On March 28, 1977, Great Western filed this action in the United States District Court for the Northern District of Texas, naming as defendants the state officials responsible for enforcing the Idaho, New York, and Maryland takeover laws. The complaint prayed for a declaration that the state laws were invalid insofar as they purported to apply to interstate cash tender offers to purchase securities traded on the national exchange.
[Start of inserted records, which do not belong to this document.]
(* Let $r\geq1$ be odd, $m\geq 3$, $n=(r+1)m$, let $u$ be an integer with $\gcd(u,2^m-1)=1$, let $\alpha$ be a primitive element of $\mathbb{F}_{2^{rm}}$, let $0\leq s\leq 2^{rm}-2$, let $\Delta_s=\{\alpha^i\mid s\leq i\leq s+2^{rm-1}-1\}$, and let $f\colon\mathbb{F}_{2^{rm}}\times\mathbb{F}_{2^m}\to\mathbb{F}_2$ be the Boolean function with $\mathrm{supp}(f)=\{(\gamma y^u,y)\mid y\in\mathbb{F}_{2^m}^*,\ \gamma\in\Delta_s\}$. Then $f$ is bent if and only if $r=1$ and $u\equiv 2^t\pmod{2^m-1}$ for some non-negative integer $t$.
   Context: $\mathbb{F}_{2^{rm}}\times\mathbb{F}_{2^m}$ is viewed as an $n$-dimensional $\mathbb{F}_2$-vector space ($\mathbb{F}_{2^m}\subseteq\mathbb{F}_{2^{rm}}$). An $n$-variable Boolean function $f$ ($n$ even) is bent if $|W_f(a,b)|=2^{n/2}$ for all $(a,b)\in\mathbb{F}_{2^{rm}}\times\mathbb{F}_{2^m}$, where $W_f(a,b)=\sum_{(x,y)}(-1)^{f(x,y)+\mathrm{tr}^{rm}_1(ax)+\mathrm{tr}^m_1(by)}$ and $\mathrm{tr}^k_1$ is the absolute trace of $\mathbb{F}_{2^k}$. *)

theory Defs
  imports "HOL-Computational_Algebra.Computational_Algebra" "HOL-Number_Theory.Cong"
begin

text \<open>The ambient field F_{2^{rm}} is modelled as a finite field type 'a with
  CARD('a) = 2^(r*m).  The subfield F_{2^m} is the set of fixed points of
  x \<mapsto> x^(2^m).\<close>

definition subfield_pow2 :: "nat \<Rightarrow> 'a::field set" where
  "subfield_pow2 m = {x. x ^ (2 ^ m) = x}"

definition abs_trace :: "nat \<Rightarrow> 'a::field \<Rightarrow> 'a" where
  "abs_trace k x = (\<Sum>i<k. x ^ (2 ^ i))"

definition sgn_f2 :: "'a::field \<Rightarrow> int" where
  "sgn_f2 z = (if z = 0 then 1 else -1)"

definition sgn_bool :: "bool \<Rightarrow> int" where
  "sgn_bool b = (if b then -1 else 1)"

definition walsh :: "nat \<Rightarrow> nat \<Rightarrow> ('a::{field,finite} \<times> 'a \<Rightarrow> bool) \<Rightarrow> 'a \<Rightarrow> 'a \<Rightarrow> int" where
  "walsh k m f a b = (\<Sum>x\<in>(UNIV::'a set). \<Sum>y\<in>subfield_pow2 m.
      sgn_bool (f (x, y)) * sgn_f2 (abs_trace k (a * x)) * sgn_f2 (abs_trace m (b * y)))"

definition is_bent :: "nat \<Rightarrow> nat \<Rightarrow> ('a::{field,finite} \<times> 'a \<Rightarrow> bool) \<Rightarrow> bool" where
  "is_bent k m f \<longleftrightarrow> (\<forall>a b. b \<in> subfield_pow2 m \<longrightarrow>
      \<bar>walsh k m f a b\<bar> = 2 ^ ((k + m) div 2))"

definition primitive_element :: "'a::field \<Rightarrow> bool" where
  "primitive_element \<alpha> \<longleftrightarrow> range (\<lambda>i::nat. \<alpha> ^ i) = UNIV - {0}"

definition Delta :: "'a::field \<Rightarrow> nat \<Rightarrow> nat \<Rightarrow> 'a set" where
  "Delta \<alpha> s k = {\<alpha> ^ i | i. s \<le> i \<and> i \<le> s + 2 ^ (k - 1) - 1}"

end

theory Submission
  imports Defs
begin

(* For r > 1 the function cannot be bent: its support has 2^(rm-1) (2^m - 1) elements, which
   forces W_f(0,0) = 2^(rm) instead of 2^((rm+m)/2).  For r = 1 write q = 2^m and
   chi x = (-1)^tr(x).  For a nonzero, W_f(a,b) = -2 S(a,b) with
   S(a,b) = sum over gamma in Delta_s and y nonzero of chi(a gamma y^u + b y),
   so f is bent iff |S(a,b)| = q/2 for all a nonzero and all b.
   If u = 2^t mod q-1, a power of Frobenius turns chi(a gamma y^u) into chi((a gamma)^(2^j) y),
   and S(a,b) = q * #{gamma in Delta_s. (a gamma)^(2^j) = b} - q/2 with at most one such gamma.
   Conversely, S(alpha^d, 1) is the sum of q/2 consecutive values K(alpha^l) of
   K(c) = sum over y nonzero of chi(c y^u + y).  Two adjacent such windows cover the cyclic group
   once and alpha^d twice, so they add up to K(alpha^d) + 1; bentness then forces K(c) = q - 1
   for some c, i.e. tr(c y^u) = tr(y) for all y.  Substituting y = z^v with u v = 1 mod q-1 gives
   a polynomial of degree < q vanishing on the whole field, and comparing its coefficients shows
   that v, hence u, is a power of 2 modulo q-1. *)

lemma nonzero_power_card_minus_one:
  fixes x :: "'a::{field,finite}"
  assumes "x \<noteq> 0"
  shows "x ^ (card (UNIV :: 'a set) - 1) = 1"
proof -
  let ?U = "UNIV - {0::'a}"
  have "x ^ card ?U * (\<Prod>y\<in>?U. y) = (\<Prod>y\<in>?U. x * y)"
    by (simp add: prod.distrib)
  also have "\<dots> = (\<Prod>y\<in>?U. y)"
    by (rule prod.reindex_bij_witness[of _ "\<lambda>y. y / x" "\<lambda>y. x * y"]) (use assms in auto)
  finally have "x ^ card ?U = 1"
    by simp
  then show ?thesis
    by (simp add: card_Diff_singleton)
qed

lemma power_card_eq_self: "(x::'a::{field,finite}) ^ card (UNIV :: 'a set) = x"
proof (cases "x = 0")
  case False
  have "card (UNIV :: 'a set) = Suc (card (UNIV :: 'a set) - 1)"
    by (simp add: finite_UNIV_card_ge_0)
  then show ?thesis
    by (metis False mult.right_neutral nonzero_power_card_minus_one power_Suc)
qed (simp add: finite_UNIV_card_ge_0)

lemma two_eq_zero_if_even_card:
  assumes "even (card (UNIV :: 'a::{field,finite} set))"
  shows "(2::'a) = 0"
proof -
  have "card (UNIV :: 'a set) > 0"
    by (simp add: finite_UNIV_card_ge_0)
  then have "odd (card (UNIV :: 'a set) - 1)"
    using assms by simp
  then have "(-1::'a) = 1"
    using nonzero_power_card_minus_one[of "-1::'a"] by simp
  then show ?thesis
    by (metis add.right_inverse one_add_one)
qed

lemma abs_trace_0 [simp]: "abs_trace j (0::'a::field) = 0"
  by (simp add: abs_trace_def power_0_left)

lemma bij_mult_left_nonzero: "(c::'a::field) \<noteq> 0 \<Longrightarrow> bij (\<lambda>x. c * x)"
  by (rule bij_betwI[where g="\<lambda>x. x / c"]) auto

lemma poly_eq_0_if_vanishes:
  fixes p :: "'a::{idom,finite} poly"
  assumes "\<And>x. poly p x = 0" and "degree p < card (UNIV :: 'a set)"
  shows "p = 0"
proof (rule ccontr)
  assume "p \<noteq> 0"
  then have "card {x. poly p x = 0} \<le> degree p"
    by (rule card_poly_roots_bound)
  with assms show False
    by simp
qed

lemma degree_sum_monom_le:
  assumes "\<And>i. i \<in> A \<Longrightarrow> n i \<le> d"
  shows "degree (\<Sum>i\<in>A. monom (a i) (n i)) \<le> d"
proof (cases "finite A")
  case True
  then show ?thesis
    using assms by (intro degree_sum_le order.trans[OF degree_monom_le]) auto
qed simp

context
  assumes two_eq_zero: "(2::'a::field) = 0"
begin

lemma add_self_char_2: "x + x = (0::'a)"
  by (metis mult_2 mult_zero_left two_eq_zero)

lemma uminus_char_2: "- x = (x::'a)"
  using add.inverse_unique[OF add_self_char_2] by simp

lemma add_eq_0_iff_char_2: "x + y = (0::'a) \<longleftrightarrow> x = y"
  using eq_neg_iff_add_eq_0[of x y] uminus_char_2[of y] by simp

lemma frobenius_add: "(x + y) ^ 2 ^ i = x ^ 2 ^ i + (y::'a) ^ 2 ^ i"
proof (induction i)
  case (Suc i)
  have square: "(a + b) ^ 2 = a ^ 2 + (b::'a) ^ 2" for a b
    by (simp add: power2_sum two_eq_zero)
  have step: "z ^ 2 ^ Suc i = (z ^ 2 ^ i) ^ 2" for z :: 'a
    by (simp only: power_Suc2 power_mult)
  show ?case
    by (simp only: step Suc.IH square)
qed simp

lemma frobenius_sum: "(sum f A) ^ 2 ^ i = (\<Sum>a\<in>A. (f a :: 'a) ^ 2 ^ i)"
  by (induction A rule: infinite_finite_induct) (simp_all add: frobenius_add)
App. 1-36. The claims against the Maryland and New York defendants were dismissed because the former did not attempt to enforce their statute against Great Western and the latter expressly stated that they would not assert jurisdiction over the proposed tender offer. 439 F. Supp., at 428-429. The two Idaho defendants — McEldowney, the Director of Finance, and Wayne Kidwell, then Attorney General of the State — appeared specially to contest jurisdiction and venue, and later filed an answer contesting the merits of the claim.
Baptie, who wrote the letter of comment on March 25, 1977, was not named as a defendant. David H. Leroy has now replaced Kidwell as Attorney General of the State.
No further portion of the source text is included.